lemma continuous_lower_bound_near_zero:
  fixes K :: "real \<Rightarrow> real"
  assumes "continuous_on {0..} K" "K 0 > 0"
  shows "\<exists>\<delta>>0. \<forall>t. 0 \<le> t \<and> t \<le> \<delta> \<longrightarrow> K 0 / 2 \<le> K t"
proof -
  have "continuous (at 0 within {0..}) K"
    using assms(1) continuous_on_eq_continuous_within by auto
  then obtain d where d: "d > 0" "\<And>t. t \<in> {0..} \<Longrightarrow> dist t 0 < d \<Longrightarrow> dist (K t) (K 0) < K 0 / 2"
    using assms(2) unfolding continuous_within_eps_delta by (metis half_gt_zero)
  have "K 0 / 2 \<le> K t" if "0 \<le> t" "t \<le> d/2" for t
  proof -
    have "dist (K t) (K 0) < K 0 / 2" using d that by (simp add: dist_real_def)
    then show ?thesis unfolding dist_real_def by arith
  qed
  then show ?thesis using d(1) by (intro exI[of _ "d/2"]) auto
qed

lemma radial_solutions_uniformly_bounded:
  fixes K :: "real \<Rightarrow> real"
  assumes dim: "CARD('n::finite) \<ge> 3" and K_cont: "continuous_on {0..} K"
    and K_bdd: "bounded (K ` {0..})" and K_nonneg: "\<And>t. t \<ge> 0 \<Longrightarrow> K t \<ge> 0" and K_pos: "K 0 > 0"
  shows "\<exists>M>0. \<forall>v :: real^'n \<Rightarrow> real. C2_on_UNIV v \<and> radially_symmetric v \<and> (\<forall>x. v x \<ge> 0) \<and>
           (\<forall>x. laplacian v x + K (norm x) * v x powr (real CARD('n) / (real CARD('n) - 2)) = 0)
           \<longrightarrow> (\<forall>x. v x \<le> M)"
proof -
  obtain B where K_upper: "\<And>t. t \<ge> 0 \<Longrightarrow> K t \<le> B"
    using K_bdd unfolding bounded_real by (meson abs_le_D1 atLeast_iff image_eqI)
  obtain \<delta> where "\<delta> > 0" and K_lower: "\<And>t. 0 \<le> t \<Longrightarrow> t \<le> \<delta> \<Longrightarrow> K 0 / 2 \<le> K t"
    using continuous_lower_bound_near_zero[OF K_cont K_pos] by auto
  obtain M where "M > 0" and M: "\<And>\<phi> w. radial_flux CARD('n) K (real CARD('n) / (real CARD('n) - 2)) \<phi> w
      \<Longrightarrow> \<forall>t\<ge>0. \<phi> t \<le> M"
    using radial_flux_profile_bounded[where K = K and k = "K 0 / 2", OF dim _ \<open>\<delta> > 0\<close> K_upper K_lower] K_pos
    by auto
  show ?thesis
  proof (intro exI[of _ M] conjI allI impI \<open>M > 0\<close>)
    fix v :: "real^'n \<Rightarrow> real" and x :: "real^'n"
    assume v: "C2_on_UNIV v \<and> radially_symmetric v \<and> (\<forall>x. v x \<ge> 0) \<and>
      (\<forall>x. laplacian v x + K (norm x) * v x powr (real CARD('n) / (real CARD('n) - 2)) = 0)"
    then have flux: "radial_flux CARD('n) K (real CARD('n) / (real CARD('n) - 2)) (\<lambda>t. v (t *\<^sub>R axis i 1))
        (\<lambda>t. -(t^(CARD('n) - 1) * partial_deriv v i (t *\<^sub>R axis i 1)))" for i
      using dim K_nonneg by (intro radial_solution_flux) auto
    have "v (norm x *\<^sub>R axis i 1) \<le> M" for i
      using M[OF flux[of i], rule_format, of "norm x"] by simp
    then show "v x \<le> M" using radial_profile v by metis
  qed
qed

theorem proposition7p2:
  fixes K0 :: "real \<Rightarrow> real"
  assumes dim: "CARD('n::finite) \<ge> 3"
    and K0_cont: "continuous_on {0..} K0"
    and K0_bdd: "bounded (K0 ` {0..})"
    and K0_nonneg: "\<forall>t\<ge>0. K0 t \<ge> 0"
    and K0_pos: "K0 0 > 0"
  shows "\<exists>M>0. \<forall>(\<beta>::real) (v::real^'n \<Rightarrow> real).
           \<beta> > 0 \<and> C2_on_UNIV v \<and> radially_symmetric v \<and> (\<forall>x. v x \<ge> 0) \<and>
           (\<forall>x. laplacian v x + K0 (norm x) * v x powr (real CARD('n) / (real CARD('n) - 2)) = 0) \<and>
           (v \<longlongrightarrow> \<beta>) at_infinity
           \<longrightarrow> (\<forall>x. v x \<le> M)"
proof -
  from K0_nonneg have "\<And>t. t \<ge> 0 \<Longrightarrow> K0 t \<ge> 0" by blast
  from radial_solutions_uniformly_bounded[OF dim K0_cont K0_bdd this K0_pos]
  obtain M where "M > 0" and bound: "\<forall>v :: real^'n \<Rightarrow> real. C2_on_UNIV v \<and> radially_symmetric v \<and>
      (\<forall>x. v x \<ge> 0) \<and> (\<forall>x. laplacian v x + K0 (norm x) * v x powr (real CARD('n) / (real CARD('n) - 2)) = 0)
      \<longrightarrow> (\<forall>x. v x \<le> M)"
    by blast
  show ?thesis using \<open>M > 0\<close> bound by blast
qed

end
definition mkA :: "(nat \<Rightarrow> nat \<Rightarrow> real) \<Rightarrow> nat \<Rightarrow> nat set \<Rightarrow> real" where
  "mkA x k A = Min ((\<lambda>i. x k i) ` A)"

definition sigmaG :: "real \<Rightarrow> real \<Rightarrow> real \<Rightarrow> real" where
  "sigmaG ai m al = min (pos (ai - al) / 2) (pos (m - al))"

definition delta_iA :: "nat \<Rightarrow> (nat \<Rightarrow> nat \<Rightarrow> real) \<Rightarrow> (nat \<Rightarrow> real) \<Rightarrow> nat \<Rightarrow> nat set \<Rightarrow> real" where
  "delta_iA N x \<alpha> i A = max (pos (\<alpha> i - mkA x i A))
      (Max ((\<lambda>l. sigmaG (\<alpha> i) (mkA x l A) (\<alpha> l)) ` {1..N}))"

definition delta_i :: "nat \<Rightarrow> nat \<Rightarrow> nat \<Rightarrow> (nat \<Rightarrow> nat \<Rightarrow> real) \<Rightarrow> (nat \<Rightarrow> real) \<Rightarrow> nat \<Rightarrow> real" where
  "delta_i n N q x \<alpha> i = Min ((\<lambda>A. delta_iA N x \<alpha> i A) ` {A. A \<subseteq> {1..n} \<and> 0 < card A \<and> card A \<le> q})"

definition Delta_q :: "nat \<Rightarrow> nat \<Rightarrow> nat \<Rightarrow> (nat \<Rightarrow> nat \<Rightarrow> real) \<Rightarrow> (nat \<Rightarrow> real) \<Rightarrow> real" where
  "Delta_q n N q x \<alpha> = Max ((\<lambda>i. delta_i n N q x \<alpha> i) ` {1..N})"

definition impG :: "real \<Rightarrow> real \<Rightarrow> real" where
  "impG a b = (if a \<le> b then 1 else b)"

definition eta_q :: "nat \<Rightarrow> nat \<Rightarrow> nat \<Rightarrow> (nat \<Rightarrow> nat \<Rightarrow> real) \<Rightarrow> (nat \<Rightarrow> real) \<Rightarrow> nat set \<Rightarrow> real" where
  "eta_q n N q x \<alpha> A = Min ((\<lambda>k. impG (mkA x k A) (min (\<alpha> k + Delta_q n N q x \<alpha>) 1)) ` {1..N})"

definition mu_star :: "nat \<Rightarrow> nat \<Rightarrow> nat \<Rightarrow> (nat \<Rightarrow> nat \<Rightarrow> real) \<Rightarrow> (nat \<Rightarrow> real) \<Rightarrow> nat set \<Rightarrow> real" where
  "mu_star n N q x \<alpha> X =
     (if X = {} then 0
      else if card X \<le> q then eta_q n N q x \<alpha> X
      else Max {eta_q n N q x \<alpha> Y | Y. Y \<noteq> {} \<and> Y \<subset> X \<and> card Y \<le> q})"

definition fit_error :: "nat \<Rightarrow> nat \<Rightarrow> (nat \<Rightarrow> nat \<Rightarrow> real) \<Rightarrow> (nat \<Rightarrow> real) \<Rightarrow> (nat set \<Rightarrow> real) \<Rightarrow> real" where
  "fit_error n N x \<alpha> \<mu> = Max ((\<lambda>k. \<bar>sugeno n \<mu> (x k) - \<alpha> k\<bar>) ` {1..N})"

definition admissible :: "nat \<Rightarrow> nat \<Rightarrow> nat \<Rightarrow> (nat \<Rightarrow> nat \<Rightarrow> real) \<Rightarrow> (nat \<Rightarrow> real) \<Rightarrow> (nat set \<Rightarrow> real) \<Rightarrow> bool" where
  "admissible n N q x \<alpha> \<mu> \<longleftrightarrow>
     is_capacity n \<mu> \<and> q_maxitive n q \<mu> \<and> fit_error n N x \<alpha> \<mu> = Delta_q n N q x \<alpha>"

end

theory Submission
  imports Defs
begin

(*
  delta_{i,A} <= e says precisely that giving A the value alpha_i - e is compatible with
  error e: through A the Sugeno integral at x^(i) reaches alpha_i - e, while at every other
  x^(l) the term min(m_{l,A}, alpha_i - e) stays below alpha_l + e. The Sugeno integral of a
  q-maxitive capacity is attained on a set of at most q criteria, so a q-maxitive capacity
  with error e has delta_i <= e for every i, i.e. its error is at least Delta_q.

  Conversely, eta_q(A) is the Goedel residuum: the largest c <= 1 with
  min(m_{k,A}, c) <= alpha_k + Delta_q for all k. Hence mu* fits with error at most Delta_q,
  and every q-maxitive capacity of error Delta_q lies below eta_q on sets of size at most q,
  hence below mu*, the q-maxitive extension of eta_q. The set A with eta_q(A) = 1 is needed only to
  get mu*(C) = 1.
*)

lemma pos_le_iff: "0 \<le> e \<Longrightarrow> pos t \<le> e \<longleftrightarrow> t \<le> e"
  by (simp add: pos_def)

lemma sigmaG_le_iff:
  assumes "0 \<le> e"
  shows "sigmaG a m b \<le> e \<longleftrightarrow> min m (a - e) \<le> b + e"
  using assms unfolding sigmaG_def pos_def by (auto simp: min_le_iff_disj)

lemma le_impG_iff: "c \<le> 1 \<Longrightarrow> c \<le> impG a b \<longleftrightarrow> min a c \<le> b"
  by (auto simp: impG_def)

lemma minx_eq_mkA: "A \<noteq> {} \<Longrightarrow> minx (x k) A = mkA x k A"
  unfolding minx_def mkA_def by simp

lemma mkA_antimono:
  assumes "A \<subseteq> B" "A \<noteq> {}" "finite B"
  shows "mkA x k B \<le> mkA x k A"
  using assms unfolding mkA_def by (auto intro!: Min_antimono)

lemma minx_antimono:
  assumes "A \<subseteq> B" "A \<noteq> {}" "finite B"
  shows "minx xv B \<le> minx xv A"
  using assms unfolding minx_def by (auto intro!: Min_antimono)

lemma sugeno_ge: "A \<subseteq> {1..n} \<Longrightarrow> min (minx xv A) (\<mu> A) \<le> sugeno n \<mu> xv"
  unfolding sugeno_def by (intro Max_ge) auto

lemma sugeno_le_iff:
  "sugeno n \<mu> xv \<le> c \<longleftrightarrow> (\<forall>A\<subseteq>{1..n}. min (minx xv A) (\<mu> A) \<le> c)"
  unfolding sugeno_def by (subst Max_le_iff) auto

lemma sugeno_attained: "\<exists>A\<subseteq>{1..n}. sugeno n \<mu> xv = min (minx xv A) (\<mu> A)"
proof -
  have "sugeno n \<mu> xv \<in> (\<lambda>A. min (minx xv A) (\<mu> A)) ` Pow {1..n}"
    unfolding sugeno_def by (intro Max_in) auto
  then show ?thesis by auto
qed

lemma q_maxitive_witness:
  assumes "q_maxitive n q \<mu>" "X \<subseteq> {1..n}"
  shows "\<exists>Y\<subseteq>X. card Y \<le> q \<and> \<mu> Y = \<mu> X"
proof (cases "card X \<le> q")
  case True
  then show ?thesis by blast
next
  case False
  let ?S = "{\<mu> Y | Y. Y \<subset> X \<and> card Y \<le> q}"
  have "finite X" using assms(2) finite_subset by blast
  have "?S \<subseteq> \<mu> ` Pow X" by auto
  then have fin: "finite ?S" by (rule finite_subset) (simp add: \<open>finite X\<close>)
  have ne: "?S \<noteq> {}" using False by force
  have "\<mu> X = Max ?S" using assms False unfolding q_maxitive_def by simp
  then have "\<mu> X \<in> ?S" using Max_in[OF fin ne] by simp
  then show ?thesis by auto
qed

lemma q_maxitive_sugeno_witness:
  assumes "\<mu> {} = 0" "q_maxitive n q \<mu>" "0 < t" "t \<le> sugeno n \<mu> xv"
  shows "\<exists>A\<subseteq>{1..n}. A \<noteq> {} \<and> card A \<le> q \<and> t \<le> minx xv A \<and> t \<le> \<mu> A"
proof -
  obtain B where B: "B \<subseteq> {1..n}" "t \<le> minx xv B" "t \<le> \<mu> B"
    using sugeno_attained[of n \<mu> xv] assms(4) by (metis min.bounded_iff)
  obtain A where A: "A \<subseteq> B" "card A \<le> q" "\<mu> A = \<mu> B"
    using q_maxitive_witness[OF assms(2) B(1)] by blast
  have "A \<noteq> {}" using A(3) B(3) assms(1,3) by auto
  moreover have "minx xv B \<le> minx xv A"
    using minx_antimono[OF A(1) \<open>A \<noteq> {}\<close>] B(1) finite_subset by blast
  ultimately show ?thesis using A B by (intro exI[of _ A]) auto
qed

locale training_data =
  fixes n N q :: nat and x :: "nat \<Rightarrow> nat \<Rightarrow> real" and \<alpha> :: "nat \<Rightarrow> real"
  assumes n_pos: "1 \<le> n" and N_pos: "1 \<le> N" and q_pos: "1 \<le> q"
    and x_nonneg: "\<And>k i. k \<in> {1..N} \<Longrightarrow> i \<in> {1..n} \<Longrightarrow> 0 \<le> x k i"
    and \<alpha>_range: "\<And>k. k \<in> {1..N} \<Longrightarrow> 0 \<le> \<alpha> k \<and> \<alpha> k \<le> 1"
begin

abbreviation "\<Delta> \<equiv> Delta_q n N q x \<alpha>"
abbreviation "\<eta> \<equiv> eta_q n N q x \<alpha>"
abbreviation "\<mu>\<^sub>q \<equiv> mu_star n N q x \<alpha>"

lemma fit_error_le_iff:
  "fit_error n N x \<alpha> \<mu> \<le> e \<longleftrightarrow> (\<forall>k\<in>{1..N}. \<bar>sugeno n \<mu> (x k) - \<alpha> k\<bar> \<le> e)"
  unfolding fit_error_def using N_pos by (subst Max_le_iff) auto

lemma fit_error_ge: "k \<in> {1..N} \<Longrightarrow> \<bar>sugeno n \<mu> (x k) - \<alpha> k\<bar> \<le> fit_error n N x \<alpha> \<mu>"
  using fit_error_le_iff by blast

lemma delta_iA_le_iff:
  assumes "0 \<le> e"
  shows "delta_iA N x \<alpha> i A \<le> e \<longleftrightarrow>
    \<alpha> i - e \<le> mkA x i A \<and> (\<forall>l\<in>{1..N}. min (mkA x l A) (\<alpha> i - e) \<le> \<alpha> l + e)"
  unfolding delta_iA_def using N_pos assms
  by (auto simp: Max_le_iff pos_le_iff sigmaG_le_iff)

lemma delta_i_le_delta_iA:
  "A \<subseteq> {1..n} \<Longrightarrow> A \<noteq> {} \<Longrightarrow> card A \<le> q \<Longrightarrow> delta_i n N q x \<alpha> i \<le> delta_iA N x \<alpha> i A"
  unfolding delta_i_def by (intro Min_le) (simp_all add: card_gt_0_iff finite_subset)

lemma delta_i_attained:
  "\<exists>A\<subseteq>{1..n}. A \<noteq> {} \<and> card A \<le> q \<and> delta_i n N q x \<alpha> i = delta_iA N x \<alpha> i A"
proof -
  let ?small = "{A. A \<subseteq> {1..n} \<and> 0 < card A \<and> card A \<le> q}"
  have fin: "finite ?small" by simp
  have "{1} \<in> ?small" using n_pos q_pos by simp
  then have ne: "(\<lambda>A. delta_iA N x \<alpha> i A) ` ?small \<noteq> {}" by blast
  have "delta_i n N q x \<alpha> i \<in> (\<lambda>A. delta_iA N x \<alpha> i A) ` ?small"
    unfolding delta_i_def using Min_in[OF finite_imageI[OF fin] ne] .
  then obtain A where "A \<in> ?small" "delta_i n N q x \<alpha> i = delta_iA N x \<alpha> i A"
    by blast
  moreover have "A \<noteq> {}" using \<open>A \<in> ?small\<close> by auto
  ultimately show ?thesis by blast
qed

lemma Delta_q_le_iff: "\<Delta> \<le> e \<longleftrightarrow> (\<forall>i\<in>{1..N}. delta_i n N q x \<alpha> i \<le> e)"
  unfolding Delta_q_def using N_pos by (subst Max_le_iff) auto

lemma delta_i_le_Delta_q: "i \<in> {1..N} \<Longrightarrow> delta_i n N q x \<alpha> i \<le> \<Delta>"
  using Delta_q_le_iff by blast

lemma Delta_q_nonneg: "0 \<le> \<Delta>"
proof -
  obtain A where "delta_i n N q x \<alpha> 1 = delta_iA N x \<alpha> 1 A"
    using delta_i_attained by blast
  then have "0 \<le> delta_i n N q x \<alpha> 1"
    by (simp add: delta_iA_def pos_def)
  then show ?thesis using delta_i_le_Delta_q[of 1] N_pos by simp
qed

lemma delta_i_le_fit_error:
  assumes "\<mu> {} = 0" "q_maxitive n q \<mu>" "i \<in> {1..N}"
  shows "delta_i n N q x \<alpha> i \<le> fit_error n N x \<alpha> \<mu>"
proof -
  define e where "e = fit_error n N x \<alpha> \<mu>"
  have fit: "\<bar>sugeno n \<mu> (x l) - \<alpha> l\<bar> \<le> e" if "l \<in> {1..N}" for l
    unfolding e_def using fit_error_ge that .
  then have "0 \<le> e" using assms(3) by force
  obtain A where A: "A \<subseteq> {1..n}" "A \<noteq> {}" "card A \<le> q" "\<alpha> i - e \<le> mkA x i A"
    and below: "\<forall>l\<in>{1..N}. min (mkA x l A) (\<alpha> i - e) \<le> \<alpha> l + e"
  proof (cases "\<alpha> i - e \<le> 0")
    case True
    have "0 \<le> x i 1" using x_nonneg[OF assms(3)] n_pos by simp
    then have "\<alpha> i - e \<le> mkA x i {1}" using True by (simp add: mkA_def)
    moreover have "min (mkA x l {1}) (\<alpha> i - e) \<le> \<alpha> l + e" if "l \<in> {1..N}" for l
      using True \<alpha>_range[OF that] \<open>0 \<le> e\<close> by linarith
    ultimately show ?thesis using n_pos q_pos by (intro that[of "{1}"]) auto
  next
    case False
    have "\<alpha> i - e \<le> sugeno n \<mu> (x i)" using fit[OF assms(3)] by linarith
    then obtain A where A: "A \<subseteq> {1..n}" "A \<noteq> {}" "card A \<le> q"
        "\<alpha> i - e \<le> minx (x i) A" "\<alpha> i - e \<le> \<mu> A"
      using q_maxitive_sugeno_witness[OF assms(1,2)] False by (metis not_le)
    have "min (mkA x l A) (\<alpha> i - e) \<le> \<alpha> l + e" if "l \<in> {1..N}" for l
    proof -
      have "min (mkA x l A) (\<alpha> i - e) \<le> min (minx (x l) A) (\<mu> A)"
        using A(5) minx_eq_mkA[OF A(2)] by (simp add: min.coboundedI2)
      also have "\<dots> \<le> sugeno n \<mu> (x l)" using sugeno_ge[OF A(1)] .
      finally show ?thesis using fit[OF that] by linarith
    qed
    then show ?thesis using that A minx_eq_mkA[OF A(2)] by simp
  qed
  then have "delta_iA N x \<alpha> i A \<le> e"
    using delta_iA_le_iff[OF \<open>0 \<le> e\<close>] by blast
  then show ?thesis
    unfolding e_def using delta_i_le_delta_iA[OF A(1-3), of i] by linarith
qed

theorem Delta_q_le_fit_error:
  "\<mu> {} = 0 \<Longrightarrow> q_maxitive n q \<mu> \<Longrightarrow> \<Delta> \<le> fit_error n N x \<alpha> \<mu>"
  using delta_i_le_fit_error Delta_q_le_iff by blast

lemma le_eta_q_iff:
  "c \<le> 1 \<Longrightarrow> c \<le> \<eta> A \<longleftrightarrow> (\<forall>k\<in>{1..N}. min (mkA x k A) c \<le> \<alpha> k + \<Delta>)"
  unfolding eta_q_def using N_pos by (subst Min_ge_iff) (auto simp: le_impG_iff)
▬▬▬
**Task item:**
Looking at each line of the records, count the ones where the word "below" appears, and report only the count.

**Task output:**
4